**Activity**
In the entries that follow, the line with "n = \<lparr>" opens the range and the line with "set \<Rightarrow> ('a" closes it; repeat that range exactly, both lines included.

**Extracted records**
(* Let $n\ge 1$ and let $S\subseteq U_{6n}$ with $1\notin S=S^{-1}$. Write $S=S_1\cup S_2$ where $S_1=S\cap\left(\langle a^2\rangle\cup\langle a^2\rangle b\cup\langle a^2\rangle b^2\right)$ and $S_2=S\cap\left(\langle a^2\rangle a\cup\langle a^2\rangle ab\cup\langle a^2\rangle ab^2\right)$. Then $\mathrm{Cay}(U_{6n},S)$ is integral if and only if both of the following hold for all $0\le j\le 2n-1$ and $0\le k\le n-1$: (1) $\chi_j(S)$, $\psi_k(S_1)$ and $\psi_k(S_1^2)+\psi_k(S_2^2)$ are integers; (2) $\Delta_{\psi_k}(S):=2\left(\psi_k(S_1^2)+\psi_k(S_2^2)\right)-\psi_k(S_1)^2$ is a perfect square (the square of an integer).
   Context: For an integer $n\ge1$, $U_{6n}=\langle a,b\mid a^{2n}=b^3=1,\ a^{-1}ba=b^{-1}\rangle$, a group of order $6n$ whose elements are uniquely $a^ib^\epsilon$ with $0\le i\le 2n-1$, $\epsilon\in\{0,1,2\}$. Let $\omega=\exp(\pi\imath/n)$. Its irreducible complex characters are: the $2n$ linear characters $\chi_j$ ($0\le j\le 2n-1$) given by $\chi_j(a^{2r}b^\epsilon)=\omega^{2jr}$ and $\chi_j(a^{2r+1}b^\epsilon)=\omega^{j(2r+1)}$ for all $\epsilon\in\{0,1,2\}$; and the $n$ degree-two characters $\psi_k$ ($0\le k\le n-1$) given by $\psi_k(a^{2r})=2\omega^{2kr}$, $\psi_k(a^{2r}b)=\psi_k(a^{2r}b^2)=-\omega^{2kr}$, $\psi_k(a^{2r+1}b^\epsilon)=0$. For a character $\chi$ and subsets $A,B$ of a group, $\chi(A)=\sum_{x\in A}\chi(x)$ (with $\chi(\emptyset)=0$) and $\chi(A^2)=\sum_{x_1,x_2\in A}\chi(x_1x_2)$, the sum running over all ordered pairs. For a group $G$ and $S\subseteq G$ with $1\notin S=S^{-1}$, the Cayley graph $\mathrm{Cay}(G,S)$ has vertex set $G$ and edges $\{g,sg\}$ for $g\in G,s\in S$. A graph is integral if all eigenvalues of its adjacency matrix are integers. *)

theory Defs
  imports Complex_Main "HOL-Algebra.Group"
begin

text \<open>The group U_{6n}: the element a^i b^e (0 <= i < 2n, 0 <= e < 3) is encoded as
  the pair (i, e). Since b a = a b^{-1}, we have b^e a^j = a^j b^{e (-1)^j}, hence
  (a^i b^e)(a^j b^f) = a^{i+j} b^{e (-1)^j + f}.\<close>

definition U_mult :: "nat \<Rightarrow> nat \<times> nat \<Rightarrow> nat \<times> nat \<Rightarrow> nat \<times> nat" where
  "U_mult n x y = ((fst x + fst y) mod (2 * n),
                   (if even (fst y) then snd x + snd y
                    else 2 * snd x + snd y) mod 3)"

definition U :: "nat \<Rightarrow> (nat \<times> nat) monoid" where
  "U n = \<lparr> carrier = {0..<2 * n} \<times> {0..<3}, mult = U_mult n, one = (0, 0) \<rparr>"

definition gen_a :: "nat \<times> nat" where "gen_a = (1, 0)"
definition gen_b :: "nat \<times> nat" where "gen_b = (0, 1)"

definition omega :: "nat \<Rightarrow> complex" where
  "omega n = exp (complex_of_real pi * \<i> / of_nat n)"

definition chi :: "nat \<Rightarrow> nat \<Rightarrow> nat \<times> nat \<Rightarrow> complex" where
  "chi n j x = omega n ^ (j * fst x)"

definition psi :: "nat \<Rightarrow> nat \<Rightarrow> nat \<times> nat \<Rightarrow> complex" where
  "psi n k x = (if even (fst x)
                then (if snd x = 0 then 2 * omega n ^ (k * fst x) else - (omega n ^ (k * fst x)))
                else 0)"

text \<open>chi(A) and chi(A^2) (sum over ordered pairs) for a character on a group G.\<close>
definition char_set :: "('a \<Rightarrow> complex) \<Rightarrow> 'a set \<Rightarrow> complex" where
  "char_set c A = (\<Sum>x\<in>A. c x)"

definition char_sq :: "('a, 'b) monoid_scheme \<Rightarrow> ('a \<Rightarrow> complex) \<Rightarrow> 'a set \<Rightarrow> complex" where
  "char_sq G c A = (\<Sum>x1\<in>A. \<Sum>x2\<in>A. c (x1 \<otimes>\<^bsub>G\<^esub> x2))"

definition cay_adj :: "('a, 'b) monoid_scheme \<Rightarrow> 'a set \<Rightarrow> 'a \<Rightarrow> 'a \<Rightarrow> complex" where
  "cay_adj G S g h = (if h \<otimes>\<^bsub>G\<^esub> inv\<^bsub>G\<^esub> g \<in> S then 1 else 0)"

definition mat_eigenvalue :: "'a set \<Rightarrow> ('a \<Rightarrow> 'a \<Rightarrow> complex) \<Rightarrow> complex \<Rightarrow> bool" where
  "mat_eigenvalue V M c \<longleftrightarrow>
     (\<exists>f :: 'a \<Rightarrow> complex. (\<exists>v\<in>V. f v \<noteq> 0) \<and>
        (\<forall>g\<in>V. (\<Sum>h\<in>V. M g h * f h) = c * f g))"

definition integral_cayley :: "('a, 'b) monoid_scheme \<Rightarrow> 'a set \<Rightarrow> bool" where
  "integral_cayley G S \<longleftrightarrow>
     (\<forall>c. mat_eigenvalue (carrier G) (cay_adj G S) c \<longrightarrow> c \<in> \<int>)"

end

theory Submission
  imports Defs
begin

**Solution for this problem**
  "U n = \<lparr> carrier = {0..<2 * n} \<times> {0..<3}, mult = U_mult n, one = (0, 0) \<rparr>"

definition gen_a :: "nat \<times> nat" where "gen_a = (1, 0)"
definition gen_b :: "nat \<times> nat" where "gen_b = (0, 1)"

definition omega :: "nat \<Rightarrow> complex" where
  "omega n = exp (complex_of_real pi * \<i> / of_nat n)"

definition chi :: "nat \<Rightarrow> nat \<Rightarrow> nat \<times> nat \<Rightarrow> complex" where
  "chi n j x = omega n ^ (j * fst x)"

definition psi :: "nat \<Rightarrow> nat \<Rightarrow> nat \<times> nat \<Rightarrow> complex" where
  "psi n k x = (if even (fst x)
                then (if snd x = 0 then 2 * omega n ^ (k * fst x) else - (omega n ^ (k * fst x)))
                else 0)"

text \<open>chi(A) and chi(A^2) (sum over ordered pairs) for a character on a group G.\<close>
definition char_set :: "('a \<Rightarrow> complex) \<Rightarrow> 'a set \<Rightarrow> complex" where
  "char_set c A = (\<Sum>x\<in>A. c x)"

definition char_sq :: "('a, 'b) monoid_scheme \<Rightarrow> ('a \<Rightarrow> complex) \<Rightarrow> 'a set \<Rightarrow> complex" where
  "char_sq G c A = (\<Sum>x1\<in>A. \<Sum>x2\<in>A. c (x1 \<otimes>\<^bsub>G\<^esub> x2))"

definition cay_adj :: "('a, 'b) monoid_scheme \<Rightarrow> 'a set \<Rightarrow> 'a \<Rightarrow> 'a \<Rightarrow> complex" where
  "cay_adj G S g h = (if h \<otimes>\<^bsub>G\<^esub> inv\<^bsub>G\<^esub> g \<in> S then 1 else 0)"

definition mat_eigenvalue :: "'a set \<Rightarrow> ('a \<Rightarrow> 'a \<Rightarrow> complex) \<Rightarrow> complex \<Rightarrow> bool" where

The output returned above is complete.